Dağıstan Valisi Sergei Melikov, "uyuyan hücrelerin tümü açığa çıkarılana kadar" soruşturmanın süreceğini söyledi. Devlet haber ajansı Tass ise Dağıstanlı bir yetkilinin, saldırıya katılanlar arasında oğlu bulunduğu gerekçesiyle tutuklandığını aktardı.

Olay sonrası bölgede 3 gün yas ilan edildi.

Vali Melikov sosyal medya sitesi Telegram'dan yaptığı açıklamada, "Terör saldırısının arkasında ne olduğunu ve amaçlarını biliyoruz" dedi. Ukrayna savaşına işaret eden Melikov, "Savaşın evlerimize geldiğini anlamalıyız. Bugün bununla yüzleştik" ifadelerini kullandı.

Rusya Devlet Başkanı Vladimir Putin'in en büyük destekçilerinden olan Rus Ortodoks Patriği Kirill de "düşmanın dinler arası barışı bozmak istediğini" söyledi, ancak kimi suçladığına dair daha fazla detay vermedi. TASS ise saldırganların "uluslararası bir terör organizasyonunun destekçileri" olduğunu aktardı.
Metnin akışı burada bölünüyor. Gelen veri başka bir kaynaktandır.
definition matroid_iso :: "('a \<Rightarrow> 'b) \<Rightarrow> 'a matroid \<Rightarrow> 'b matroid \<Rightarrow> bool" where
  "matroid_iso f M N \<longleftrightarrow> bij_betw f (ground M) (ground N) \<and>
     (\<forall>I \<subseteq> ground M. indep M I \<longleftrightarrow> indep N (f ` I))"

definition quasi_product :: "'a matroid \<Rightarrow> 'b matroid \<Rightarrow> ('a \<times> 'b) matroid \<Rightarrow> bool" where
  "quasi_product M N P \<longleftrightarrow>
     is_matroid P \<and> ground P = ground M \<times> ground N \<and>
     (\<forall>e \<in> ground M. \<not> is_loop M e \<longrightarrow>
        matroid_iso (\<lambda>x. (e, x)) N (restrict P ({e} \<times> ground N))) \<and>
     (\<forall>f \<in> ground N. \<not> is_loop N f \<longrightarrow>
        matroid_iso (\<lambda>x. (x, f)) M (restrict P (ground M \<times> {f}))) \<and>
     (\<forall>e \<in> ground M. is_loop M e \<longrightarrow> rk P ({e} \<times> ground N) = 0) \<and>
     (\<forall>f \<in> ground N. is_loop N f \<longrightarrow> rk P (ground M \<times> {f}) = 0)"

definition tensor_product :: "'a matroid \<Rightarrow> 'b matroid \<Rightarrow> ('a \<times> 'b) matroid \<Rightarrow> bool" where
  "tensor_product M N P \<longleftrightarrow> quasi_product M N P \<and>
     rk P (ground P) = rk M (ground M) * rk N (ground N)"

end

theory Submission
  imports Defs
begin

text \<open>
  In a tensor product \<open>P\<close> of \<open>M\<close> and \<open>N\<close>, every set \<open>X \<times> E(N)\<close> has rank
  \<open>rk\<^sub>M(X) \<cdot> rk(N)\<close>. It is spanned by \<open>B \<times> C\<close> for bases \<open>B\<close> of \<open>X\<close> and \<open>C\<close> of \<open>N\<close>,
  which gives \<open>\<le>\<close>; splitting the total rank \<open>rk(M) \<cdot> rk(N)\<close> along a basis of \<open>E(M)\<close>
  extending \<open>B\<close> gives \<open>\<ge>\<close>.
  Deleting \<open>S \<times> E(N)\<close> keeps the fibres of \<open>P\<close> over the remaining elements, so only the
  rank needs this formula. For contraction, if \<open>B\<^sub>T\<close> is a basis of \<open>T\<close> the formula makes
  \<open>B\<^sub>T \<times> C\<close> independent and hence a basis of \<open>T \<times> E(N)\<close>; independence in the contraction
  is then independence in \<open>P\<close> after adjoining \<open>B\<^sub>T \<times> C\<close>, and the fibre conditions
  reduce to those of \<open>P\<close>.
\<close>

section \<open>Rank and bases\<close>

lemma matroid_ground_finite: "is_matroid Q \<Longrightarrow> finite (ground Q)"
  by (simp add: is_matroid_def)

lemma matroid_indep_subset_ground: "is_matroid Q \<Longrightarrow> indep Q I \<Longrightarrow> I \<subseteq> ground Q"
  by (simp add: is_matroid_def)

lemma matroid_indep_empty: "is_matroid Q \<Longrightarrow> indep Q {}"
  by (simp add: is_matroid_def)

lemma matroid_indep_subset: "is_matroid Q \<Longrightarrow> indep Q J \<Longrightarrow> I \<subseteq> J \<Longrightarrow> indep Q I"
  unfolding is_matroid_def by blast

lemma matroid_augment:
  "is_matroid Q \<Longrightarrow> indep Q I \<Longrightarrow> indep Q J \<Longrightarrow> card I < card J \<Longrightarrow>
   \<exists>x \<in> J - I. indep Q (insert x I)"
  unfolding is_matroid_def by blast

lemma matroid_indep_finite: "is_matroid Q \<Longrightarrow> indep Q I \<Longrightarrow> finite I"
  by (meson finite_subset matroid_indep_subset_ground matroid_ground_finite)

definition is_basis_of :: "'a matroid \<Rightarrow> 'a set \<Rightarrow> 'a set \<Rightarrow> bool" where
  "is_basis_of Q B A \<longleftrightarrow> B \<subseteq> A \<and> indep Q B \<and> card B = rk Q A"

lemma finite_indep_cards:
  assumes "is_matroid Q" shows "finite {card I | I. I \<subseteq> A \<and> indep Q I}"
proof -
  have "{card I | I. I \<subseteq> A \<and> indep Q I} \<subseteq> {..card (ground Q)}"
    using assms matroid_indep_subset_ground[OF assms]
    by (auto intro!: card_mono simp: matroid_ground_finite)
  then show ?thesis
    using finite_subset by blast
qed

lemma card_le_rk: "is_matroid Q \<Longrightarrow> I \<subseteq> A \<Longrightarrow> indep Q I \<Longrightarrow> card I \<le> rk Q A"
  unfolding rk_def by (rule Max_ge) (auto simp: finite_indep_cards)

lemma ex_basis_of: assumes "is_matroid Q" obtains B where "is_basis_of Q B A"
proof -
  have "rk Q A \<in> {card I | I. I \<subseteq> A \<and> indep Q I}"
    unfolding rk_def using assms matroid_indep_empty[OF assms]
    by (intro Max_in finite_indep_cards) auto
  then show ?thesis
    using that unfolding is_basis_of_def by auto
qed

lemma rk_mono: assumes Q: "is_matroid Q" and "A \<subseteq> B" shows "rk Q A \<le> rk Q B"
proof -
  obtain I where "is_basis_of Q I A"
    using ex_basis_of[OF Q] .
  with assms show ?thesis
    unfolding is_basis_of_def by (metis card_le_rk subset_trans)
qed

lemma rk_le_card: assumes Q: "is_matroid Q" and "finite A" shows "rk Q A \<le> card A"
proof -
  obtain I where "is_basis_of Q I A"
    using ex_basis_of[OF Q] .
  with assms show ?thesis
    unfolding is_basis_of_def by (metis card_mono)
qed

lemma rk_indep: assumes "is_matroid Q" "indep Q I" shows "rk Q I = card I"
  using card_le_rk[OF assms(1) _ assms(2), of I] rk_le_card[OF assms(1) matroid_indep_finite[OF assms]]
  by simp

lemma indep_if_rk_eq_card:
  assumes Q: "is_matroid Q" and "finite A" "rk Q A = card A" shows "indep Q A"
proof -
  obtain I where I: "is_basis_of Q I A"
    using ex_basis_of[OF Q] .
  then have "I = A"
    using card_subset_eq[OF assms(2)] assms(3) unfolding is_basis_of_def by simp
  with I show ?thesis
    unfolding is_basis_of_def by simp
qed

lemma indep_augment_to_card:
  assumes Q: "is_matroid Q"
  shows "indep Q I \<Longrightarrow> indep Q J \<Longrightarrow> card I \<le> card J \<Longrightarrow>
     \<exists>I'. I \<subseteq> I' \<and> I' \<subseteq> I \<union> J \<and> indep Q I' \<and> card I' = card J"
proof (induction "card J - card I" arbitrary: I)
  case 0
  then show ?case by auto
next
  case (Suc n)
  then obtain x where x: "x \<in> J - I" "indep Q (insert x I)"
    using matroid_augment[OF Q] by force
  have card_x: "card (insert x I) = Suc (card I)"
    using x matroid_indep_finite[OF Q Suc(3)] by simp
  moreover have "n = card J - card (insert x I)" "card (insert x I) \<le> card J"
    using Suc(2) card_x by simp_all
  ultimately obtain I' where "insert x I \<subseteq> I'" "I' \<subseteq> insert x I \<union> J" "indep Q I'" "card I' = card J"
    using Suc(1) x(2) Suc(4) by blast
  with x show ?case by blast
qed

lemma indep_extends_to_basis:
  assumes Q: "is_matroid Q" and "indep Q I" "I \<subseteq> A"
  obtains B where "I \<subseteq> B" "is_basis_of Q B A"
proof -
  obtain J where J: "J \<subseteq> A" "indep Q J" "card J = rk Q A"
    using ex_basis_of[OF Q] unfolding is_basis_of_def by blast
  then have "card I \<le> card J"
    using card_le_rk[OF Q assms(3,2)] by simp
  then obtain I' where I': "I \<subseteq> I'" "I' \<subseteq> I \<union> J" "indep Q I'" "card I' = card J"
    using indep_augment_to_card[OF Q assms(2) J(2)] by blast
  then have "is_basis_of Q I' A"
    using J assms(3) unfolding is_basis_of_def by auto
  with I'(1) show ?thesis
    by (rule that)
qed

lemma rk_insert_basis:
  assumes Q: "is_matroid Q" and B: "is_basis_of Q B A" and "a \<in> A"
  shows "rk Q (insert a B) = rk Q B"
proof -
  have "rk Q (insert a B) \<le> rk Q A"
    using B assms(3) by (intro rk_mono[OF Q]) (auto simp: is_basis_of_def)
  also have "\<dots> = rk Q B"
    using B rk_indep[OF Q] unfolding is_basis_of_def by simp
  finally show ?thesis
    using rk_mono[OF Q, of B "insert a B"] by (simp add: subset_insertI antisym)
qed

lemma rk_insert_eq_mono:
  assumes Q: "is_matroid Q" and "Z \<subseteq> X" and spans: "rk Q (insert y Z) = rk Q Z"
  shows "rk Q (insert y X) = rk Q X"
proof (rule ccontr)
  assume "rk Q (insert y X) \<noteq> rk Q X"
  moreover have "rk Q X \<le> rk Q (insert y X)"
    by (rule rk_mono[OF Q]) auto
  ultimately have lt: "rk Q X < rk Q (insert y X)"
    by simp
  obtain I where I: "I \<subseteq> Z" "indep Q I" "card I = rk Q Z"
    using ex_basis_of[OF Q] unfolding is_basis_of_def by blast
  moreover have "I \<subseteq> X"
    using I(1) \<open>Z \<subseteq> X\<close> by blast
  ultimately obtain I' where "I \<subseteq> I'" "is_basis_of Q I' X"
    using indep_extends_to_basis[OF Q] by metis
  then have I': "I \<subseteq> I'" "I' \<subseteq> X" "indep Q I'" "card I' = rk Q X"
    unfolding is_basis_of_def by simp_all
  obtain J where J: "J \<subseteq> insert y X" "indep Q J" "card J = rk Q (insert y X)"
    using ex_basis_of[OF Q] unfolding is_basis_of_def by blast
  obtain x where x: "x \<in> J - I'" "indep Q (insert x I')"
    using matroid_augment[OF Q I'(3) J(2)] I'(4) J(3) lt by auto
  have fin: "finite I'"
    using matroid_indep_finite[OF Q I'(3)] .
  show False
  proof (cases "x \<in> X")
    case True
    then have "card (insert x I') \<le> rk Q X"
      using card_le_rk[OF Q _ x(2)] I'(2) by simp
    with x(1) fin I'(4) show False
      by simp
  next
    case False
    with x(1) J(1) have "x = y"
      by blast
    then have "indep Q (insert y I)"
      using matroid_indep_subset[OF Q x(2)] I'(1) by blast
    then have "card (insert y I) \<le> rk Q (insert y Z)"
      using card_le_rk[OF Q, of "insert y I"] I(1) by blast
    moreover have "y \<notin> I" "finite I"
      using x(1) \<open>x = y\<close> I'(1) fin finite_subset by blast+
    ultimately show False
      using spans I(3) by simp
  qed
qed

lemma rk_Un_spanned:
  assumes Q: "is_matroid Q"
  shows "finite Y \<Longrightarrow> (\<And>y. y \<in> Y \<Longrightarrow> rk Q (insert y X) = rk Q X) \<Longrightarrow> rk Q (X \<union> Y) = rk Q X"
proof (induction Y rule: finite_induct)
  case empty
  then show ?case by simp
next
  case (insert y F)
  then have "rk Q (insert y (X \<union> F)) = rk Q (X \<union> F)"
    using rk_insert_eq_mono[OF Q, of X "X \<union> F" y] by auto
  with insert show ?case by simp
qed
(* Consider the networked $SIRS$-$V_o$ system without media actuator described in the context, with initial condition at time $t_0$ satisfying $o_i(t_0),s_i(t_0),x_i(t_0),r_i(t_0),v_i(t_0)\in[0,1]$ and $s_i(t_0)+x_i(t_0)+r_i(t_0)+v_i(t_0)=1$ for all $i$. If $o(t_0)\in[0,1]^n$, then $o_i(t)\in[0,1]$ for all $i\in[n]$ and all $t>t_0$.
   Context: There are $n$ nodes. All parameters are real and nonnegative: $a_{ij},\beta_{ij},\gamma_i,\omega_i,\delta_i,\eta^{\min}_{ij},\Delta\eta_{ij}$. Let $A=[a_{ij}]$, $B=[\beta_{ij}]$, $H_{\min}=[\eta^{\min}_{ij}]$, $\Delta H=[\Delta\eta_{ij}]$. For a square matrix $M$, $k_i[M]=\sum_j M_{ij}$, $\widetilde K[M]=\mathrm{diag}(k_i[M])$, $L[M]=\widetilde K[M]-M$. Let $\widetilde G=\mathrm{diag}(\gamma_i)$, $\widetilde W=\mathrm{diag}(\omega_i)$, $\widetilde D=\mathrm{diag}(\delta_i)$, $H(o)=\mathrm{diag}(o)\Delta H+H_{\min}$. State $(o,s,x,r,v)\in(\mathbb{R}^n)^5$, $\widetilde S=\mathrm{diag}(s)$, $\widetilde R=\mathrm{diag}(r)$, dynamics $\dot o=A(x-o)-2L[A]o$, $\dot s=\widetilde Dv-\widetilde S(Bx+H(o)v)+\widetilde Wr$, $\dot x=\widetilde SBx-\widetilde Gx$, $\dot r=\widetilde Gx-\widetilde Wr-\widetilde RH(o)v$, $\dot v=(\widetilde S+\widetilde R)H(o)v-\widetilde Dv$. *)

theory Defs
  imports "HOL-Analysis.Analysis"
begin

definition diagm :: "real ^ 'n \<Rightarrow> real ^ 'n ^ 'n" where
  "diagm d = (\<chi> i j. if i = j then d $ i else 0)"

definition kvec :: "real ^ 'n ^ 'n \<Rightarrow> real ^ 'n" where
  "kvec M = (\<chi> i. \<Sum>j\<in>UNIV. M $ i $ j)"

definition Ktil :: "real ^ 'n ^ 'n \<Rightarrow> real ^ 'n ^ 'n" where
  "Ktil M = diagm (kvec M)"

definition Lap :: "real ^ 'n ^ 'n \<Rightarrow> real ^ 'n ^ 'n" where
  "Lap M = Ktil M - M"

definition Hmat :: "real ^ 'n ^ 'n \<Rightarrow> real ^ 'n ^ 'n \<Rightarrow> real ^ 'n \<Rightarrow> real ^ 'n ^ 'n" where
  "Hmat Hmin DH o' = diagm o' ** DH + Hmin"

definition f_o :: "real ^ 'n ^ 'n \<Rightarrow> real ^ 'n \<Rightarrow> real ^ 'n \<Rightarrow> real ^ 'n" where
  "f_o A o' x = A *v (x - o') - 2 *\<^sub>R (Lap A *v o')"

definition f_s where
  "f_s B \<delta> \<omega> Hmin DH o' s x r v =
     diagm \<delta> *v v - diagm s *v (B *v x + Hmat Hmin DH o' *v v) + diagm \<omega> *v r"

definition f_x where
  "f_x B \<gamma> s x = diagm s ** B *v x - diagm \<gamma> *v x"

definition f_r where
  "f_r \<gamma> \<omega> Hmin DH o' x r v =
     diagm \<gamma> *v x - diagm \<omega> *v r - diagm r ** Hmat Hmin DH o' *v v"

definition f_v where
  "f_v \<delta> Hmin DH o' s r v = (diagm s + diagm r) ** Hmat Hmin DH o' *v v - diagm \<delta> *v v"

end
Saldırıyı henüz üstlenen olmadı. Mart ayında terör örgütü DEAŞ, Moskova yakınlarında "Crocus City Hall" adlı konser salonuna saldırı düzenlemiş, olayda 145 kişi yaşamını yitirmişti. Saldırıyı DEAŞ’ın üstlenmesine rağmen Rus yetkililer, bir kanıt göstermeden Ukrayna'yı suçladı. Kiev yönetimi saldırıyla ilgisi olduğu iddiasını reddediyor.